Global Experts Convene for Fourth Annual State of the Science Summit
Experts hailing from multiple continents recently descended on the campus of the University of California, Davis, intent on lowering emissions of enteric methane from livestock throughout the world.
As it pertains to the reduction of methane emissions from ruminant animals, the 2026 State of the Science Summit produced a cadence of groundbreaking research, findings and success stories, not to mention a few blue-sky ideas and the articulation of a prickly challenge or two. Plus, there was a whole lot of collaboration, reunion, discussion and friendship among the more than 300 attendees who traveled in or tuned in for the three-day event.

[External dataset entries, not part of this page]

section \<open>The \<sigma>-algebra generated by event times and V-marks\<close>

definition NV_map :: "('v \<times> 'v) set \<Rightarrow> (('v \<times> 'v) \<times> int \<Rightarrow> real \<times> real \<times> real)
    \<Rightarrow> (('v \<times> 'v) \<times> int \<Rightarrow> real) \<times> (('v \<times> 'v) \<times> int \<Rightarrow> real)" where
  "NV_map E w = (\<lambda>x\<in>edge_index E. evtime w x, \<lambda>x\<in>edge_index E. Vmark w x)"

abbreviation NV_space :: "('v \<times> 'v) set \<Rightarrow> ((('v \<times> 'v) \<times> int \<Rightarrow> real) \<times> (('v \<times> 'v) \<times> int \<Rightarrow> real)) measure" where
  "NV_space E \<equiv> (\<Pi>\<^sub>M x\<in>edge_index E. borel) \<Otimes>\<^sub>M (\<Pi>\<^sub>M x\<in>edge_index E. borel)"

lemma NV_algebra_eq_vimage_algebra:
  "NV_algebra E = vimage_algebra (space (base_space (edge_index E))) (NV_map E) (NV_space E)"
  unfolding NV_algebra_def NV_map_def ..

lemma measurable_NV_map: "NV_map E \<in> measurable (base_space (edge_index E)) (NV_space E)"
  unfolding NV_map_def by (intro measurable_Pair measurable_restrict measurable_evtime measurable_Vmark)

lemma space_NV_algebra [simp]: "space (NV_algebra E) = space (base_space (edge_index E))"
  unfolding NV_algebra_eq_vimage_algebra by simp

lemma subalgebra_NV_algebra: "subalgebra (base_space (edge_index E)) (NV_algebra E)"
  using measurable_NV_map[of E]
  unfolding subalgebra_def NV_algebra_eq_vimage_algebra measurable_iff_sets by auto

lemma measurable_NV_map_NV_algebra: "NV_map E \<in> measurable (NV_algebra E) (NV_space E)"
  unfolding NV_algebra_eq_vimage_algebra
  using measurable_space[OF measurable_NV_map] by (intro measurable_vimage_algebra1) auto

lemma measurable_evtime_NV_algebra [measurable]:
  assumes "x \<in> edge_index E"
  shows "(\<lambda>w. evtime w x) \<in> borel_measurable (NV_algebra E)"
proof -
  have "(\<lambda>w. fst (NV_map E w) x) \<in> borel_measurable (NV_algebra E)"
    using measurable_NV_map_NV_algebra assms by measurable
  then show ?thesis
    using assms by (simp add: NV_map_def)
qed

lemma measurable_Vmark_NV_algebra [measurable]:
  assumes "x \<in> edge_index E"
  shows "(\<lambda>w. Vmark w x) \<in> borel_measurable (NV_algebra E)"
proof -
  have "(\<lambda>w. snd (NV_map E w) x) \<in> borel_measurable (NV_algebra E)"
    using measurable_NV_map_NV_algebra assms by measurable
  then show ?thesis
    using assms by (simp add: NV_map_def)
qed

lemma set_Umark_in_NV_algebra_iff:
  assumes "A \<in> sets (NV_algebra E)" "w \<in> space (base_space (edge_index E))" "x \<in> edge_index E"
  shows "set_Umark w x u \<in> A \<longleftrightarrow> w \<in> A"
proof -
  have "set_Umark w x u \<in> space (base_space (edge_index E))"
    using assms(2,3) by (auto simp: base_space_def space_PiM PiE_iff extensional_def set_Umark_def)
  moreover have "NV_map E (set_Umark w x u) = NV_map E w"
    by (simp add: NV_map_def)
  moreover have NV_map_space: "NV_map E \<in> space (base_space (edge_index E)) \<rightarrow> space (NV_space E)"
    using measurable_space[OF measurable_NV_map] by auto
  obtain S where "A = NV_map E -` S \<inter> space (base_space (edge_index E))"
    using assms(1) unfolding NV_algebra_eq_vimage_algebra sets_vimage_algebra2[OF NV_map_space] by blast
  ultimately show ?thesis
    using assms(2) by auto
qed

CLEAR Center Director and newly appointed Chair of the Department of Animal Science at UC Davis Frank Mitloehner welcomed presenters and guests on Day 1, giving a nod to the esprit de corps that has become a hallmark of the annual summit.
“We’ve built more than a conference — we’ve built a community,” he said, underscoring his belief that conversations between sessions can fuel success in laboratories, in legislative chambers and on ranches.
Indeed, according to Joe Proudman, deputy director of the CLEAR Center, “One of the greatest strengths of this summit is that it brings together experts from across research, industry and government to listen and learn from one another. When we make those conversations more accessible, we create opportunities for even more collaboration that can continue well beyond the summit."
Of course, it doesn’t hurt to draw in some of the best minds in the industry. Once again, it was a veritable who’s who in animal ag, with the list of organizations they represented second to none: the United Nations Food and Agriculture Organization, Massachusetts Institute of Technology, Cornell University, the Global Methane Hub, the Global Roundtable for Sustainable Beef and AgriZeroNZ, to name but a few.
“This is a global community trying to solve a global problem at scale,” said Karen Ross, secretary of the California Department of Food and Agriculture, as she shared how important it is to have producers at the proverbial table.
“Bringing agriculture into the conversation is not necessarily where things started,” she said. “Producers thought they were being blamed for a problem.”
The mood has shifted in recent years, in part due to the State of the Science Summit. Methane is no longer seen as a “problem to get rid of,” Ross said.
“It is a problem to dig into and consider how agriculture as an essential food provider is also central to our climate solutions — those opportunities we have to sequester carbon,” she said.
Her work in this arena has not gone unnoticed, including by those responsible each year for honoring someone who’s spent a lifetime working to advance sustainability in animal agriculture.
Before the longtime secretary could leave the stage, Mitloehner, Proudman and Charles Brooke, program director for the livestock enteric methane program at Spark Climate Solutions, were waiting in the wings with the second annual award bestowed at the summit. Among her robust list of career achievements and the success she’s had in helping California agriculture move toward the nation’s most ambitious climate goals, Ross is credited with envisioning the State of the Science Summit some five or six years ago.
No longer a pipe dream, this year’s gathering was jam-packed with discussions of feed additives such as bromoform, early-life interventions, measurement strategies and how to advance sustainability in pasture-based systems.
Standing on the shoulders of the previous three summits, it perhaps moved easier and more effortlessly than ever before, not unlike runners who hit their stride. The State of the Science Summit’s continued success can be attributed to the partnership between its organizers: the California Department of Food and Agriculture, Spark Climate Solutions, and the UC Davis College of Agricultural and Environmental Sciences, plus the commitment of everyone else involved. The needle is moving — and quickly.
“The pace of innovation in livestock methane mitigation has never been greater,” according to Brooke.
“The challenge now is making sure the most promising solutions have the research support and investment needed to reach producers at scale. That's exactly why bringing this community together each year is so valuable.”